- **RECORDS TO USE**
(* Let $\sigma>0$, $\bar\gamma>0$, $c_\infty\ge0$, and let $\kappa:[0,\infty)\to\mathbb{R}$ be $L_\kappa$-Lipschitz with $\kappa(0)=0$; set $\tau_\gamma(w)=w+\gamma\kappa(w)$. Let $(\gamma_n)\subset(0,\bar\gamma]$ with $\gamma_n\to0$, $w_0\ge0$, and let $(W^{(n)}_k)_{k\in\mathbb{N}}$ be the Markov chain with $W^{(n)}_0=w_0$ and kernel $Q_{\gamma_n}$, where $$Q_\gamma(w,A)=\delta_0(A)\int_{\mathbb{R}}\bar p_{\sigma^2\gamma}(\tau_\gamma(w)+\gamma c_\infty,g)\varphi(g)dg+\int_{\mathbb{R}}\mathbb{1}_A(\tau_\gamma(w)+\gamma c_\infty-2\sigma\gamma^{1/2}g)\{1-\bar p_{\sigma^2\gamma}(\tau_\gamma(w)+\gamma c_\infty,g)\}\varphi(g)dg,$$ $\bar p_{\sigma^2\gamma}(a,g)=1\wedge\varphi_{\sigma^2\gamma}(a-\sigma\sqrt\gamma g)/\varphi_{\sigma^2\gamma}(\sigma\sqrt\gamma g)$. Let $\mathbf W^{(n)}_t=W^{(n)}_{\lfloor t/\gamma_n\rfloor}+\{W^{(n)}_{\lceil t/\gamma_n\rceil}-W^{(n)}_{\lfloor t/\gamma_n\rfloor}\}\{t/\gamma_n-\lfloor t/\gamma_n\rfloor\}$. Then for every $T\ge0$ there exists $C_T\ge0$ such that $$\sup_{n\in\mathbb{N}}\mathbb{E}\Big[\sup_{t\in[0,T]}\{\mathbf W^{(n)}_t\}^4\Big]\le C_T.$$
   Context: $\varphi$ is the standard normal density and $\varphi_s(t)=(2\pi s)^{-1/2}e^{-t^2/(2s)}$. *)

theory Defs
  imports "HOL-Probability.Probability"
begin

definition phi_var :: "real \<Rightarrow> real \<Rightarrow> real" where
  "phi_var s t = exp (- t\<^sup>2 / (2 * s)) / sqrt (2 * pi * s)"

definition pbar :: "real \<Rightarrow> real \<Rightarrow> real \<Rightarrow> real \<Rightarrow> real" where
  "pbar \<sigma> \<gamma> a g =
     min 1 (phi_var (\<sigma>\<^sup>2 * \<gamma>) (a - \<sigma> * sqrt \<gamma> * g) / phi_var (\<sigma>\<^sup>2 * \<gamma>) (\<sigma> * sqrt \<gamma> * g))"

text \<open>tau_gamma(w) = w + gamma kappa(w). kappa is only given on [0,oo); we evaluate it at
  max 0 w, which agrees with kappa(w) for every w >= 0 (the state space of the chain).\<close>
definition tau :: "(real \<Rightarrow> real) \<Rightarrow> real \<Rightarrow> real \<Rightarrow> real" where
  "tau \<kappa> \<gamma> w = w + \<gamma> * \<kappa> (max 0 w)"

text \<open>Its measure of A is exactly the formula of the paper.\<close>
definition Qker :: "real \<Rightarrow> real \<Rightarrow> (real \<Rightarrow> real) \<Rightarrow> real \<Rightarrow> real \<Rightarrow> real measure" where
  "Qker \<sigma> cinf \<kappa> \<gamma> w =
     (let a = tau \<kappa> \<gamma> w + \<gamma> * cinf in
      std_normal_distribution \<bind> (\<lambda>g.
        measure_pmf (bernoulli_pmf (pbar \<sigma> \<gamma> a g)) \<bind> (\<lambda>b.
          return borel (if b then 0 else a - 2 * \<sigma> * sqrt \<gamma> * g))))"

text \<open>Law of the first k+1 states (W_0,...,W_k) of the Markov chain with W_0 = w0 and kernel Q,
  as a measure on sequences nat => real (coordinates beyond k are irrelevant, kept equal to w0).\<close>
abbreviation seq_space :: "(nat \<Rightarrow> real) measure" where
  "seq_space \<equiv> Pi\<^sub>M UNIV (\<lambda>_. borel)"

primrec chain_law :: "(real \<Rightarrow> real measure) \<Rightarrow> real \<Rightarrow> nat \<Rightarrow> (nat \<Rightarrow> real) measure" where
  "chain_law Q w0 0 = return seq_space (\<lambda>_. w0)"
| "chain_law Q w0 (Suc k) =
     chain_law Q w0 k \<bind> (\<lambda>\<omega>. distr (Q (\<omega> k)) seq_space (\<lambda>y. fun_upd \<omega> (Suc k) y))"

definition interp :: "real \<Rightarrow> (nat \<Rightarrow> real) \<Rightarrow> real \<Rightarrow> real" where
  "interp \<gamma> \<omega> t =
     \<omega> (nat \<lfloor>t / \<gamma>\<rfloor>) + (\<omega> (nat \<lceil>t / \<gamma>\<rceil>) - \<omega> (nat \<lfloor>t / \<gamma>\<rfloor>)) * (t / \<gamma> - of_int \<lfloor>t / \<gamma>\<rfloor>)"

end

theory Submission
  imports Defs
begin

text \<open>Let \<open>M\<^sub>k = max {|W\<^sub>j| | j \<le> k}\<close>. The chain is controlled by the functional
  \<open>V\<^sub>k = 3 M\<^sub>k\<^sup>4 - 4 M\<^sub>k\<^sup>3 |W\<^sub>k| + 8 W\<^sub>k\<^sup>4 + 1\<close>, which dominates \<open>M\<^sub>k\<^sup>4 + 1\<close> and does not
  increase when a jump raises the running maximum. From \<open>W\<^sub>k = w\<close> the chain moves to \<open>0\<close> or to
  \<open>a - 2 \<sigma> sqrt \<gamma> g\<close>, where \<open>a = \<tau>\<^sub>\<gamma>(w) + \<gamma> c\<^sub>\<infinity>\<close>. The reflection \<open>g \<mapsto> a / (\<sigma> sqrt \<gamma>) - g\<close>
  preserves \<open>\<phi>(g) pbar(a, g)\<close>, so the next state has mean exactly \<open>a\<close>. Hence
  \<open>E |W\<^bsub>k+1\<^esub>| \<ge> |a|\<close>, which controls the only negative term of \<open>V\<close>, while the fourth moment
  is \<open>a\<^sup>4 + O(\<gamma>)\<close>. As \<open>|a| = |w| + O(\<gamma> (1 + |w|))\<close>, this gives
  \<open>E[V\<^bsub>k+1\<^esub> | W\<^sub>0, \<dots>, W\<^sub>k] \<le> (1 + K \<gamma>) V\<^sub>k\<close> with \<open>K\<close> uniform in \<open>\<gamma> \<le> \<gamma>bar\<close>, so
  \<open>E V\<^sub>N \<le> exp (K (T + \<gamma>bar)) V\<^sub>0\<close> for \<open>N = \<lceil>T / \<gamma>\<rceil>\<close>; finally \<open>V\<^sub>N\<close> dominates the fourth
  power of the interpolated path on \<open>[0, T]\<close>.\<close>

section \<open>The one-step kernel\<close>

abbreviation \<phi> :: "real \<Rightarrow> real" where "\<phi> \<equiv> std_normal_density"

definition bernoulli_choice :: "real \<Rightarrow> 'a::topological_space \<Rightarrow> 'a \<Rightarrow> 'a measure" where
  "bernoulli_choice p z x = measure_pmf (bernoulli_pmf p) \<bind> (\<lambda>b. return borel (if b then z else x))"

lemma sets_bernoulli_choice: "sets (bernoulli_choice p z x) = sets borel"
  unfolding bernoulli_choice_def by (subst sets_bind) auto

lemma nn_integral_bernoulli_choice:
  assumes "0 \<le> p" "p \<le> 1" "f \<in> borel_measurable borel"
  shows "(\<integral>\<^sup>+y. f y \<partial>bernoulli_choice p z x) = ennreal p * f z + ennreal (1 - p) * f x"
proof -
  have "(\<lambda>b. return borel (if b then z else x)) \<in> measure_pmf (bernoulli_pmf p) \<rightarrow>\<^sub>M subprob_algebra borel"
    by (subst measurable_cong_sets[OF sets_measure_pmf_count_space refl])
       (auto simp: measurable_count_space_eq1 space_subprob_algebra subprob_space_return)
  then show ?thesis
    using assms unfolding bernoulli_choice_def
    by (subst nn_integral_bind[OF assms(3)]) (simp_all add: nn_integral_return mult.commute)
qed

- **EXERCISE PROMPT**
Above are the records; copy each line from them that includes the string "bsub".

- **ANSWER BOX**
  \<open>E |W\<^bsub>k+1\<^esub>| \<ge> |a|\<close>, which controls the only negative term of \<open>V\<close>, while the fourth moment
  \<open>E[V\<^bsub>k+1\<^esub> | W\<^sub>0, \<dots>, W\<^sub>k] \<le> (1 + K \<gamma>) V\<^sub>k\<close> with \<open>K\<close> uniform in \<open>\<gamma> \<le> \<gamma>bar\<close>, so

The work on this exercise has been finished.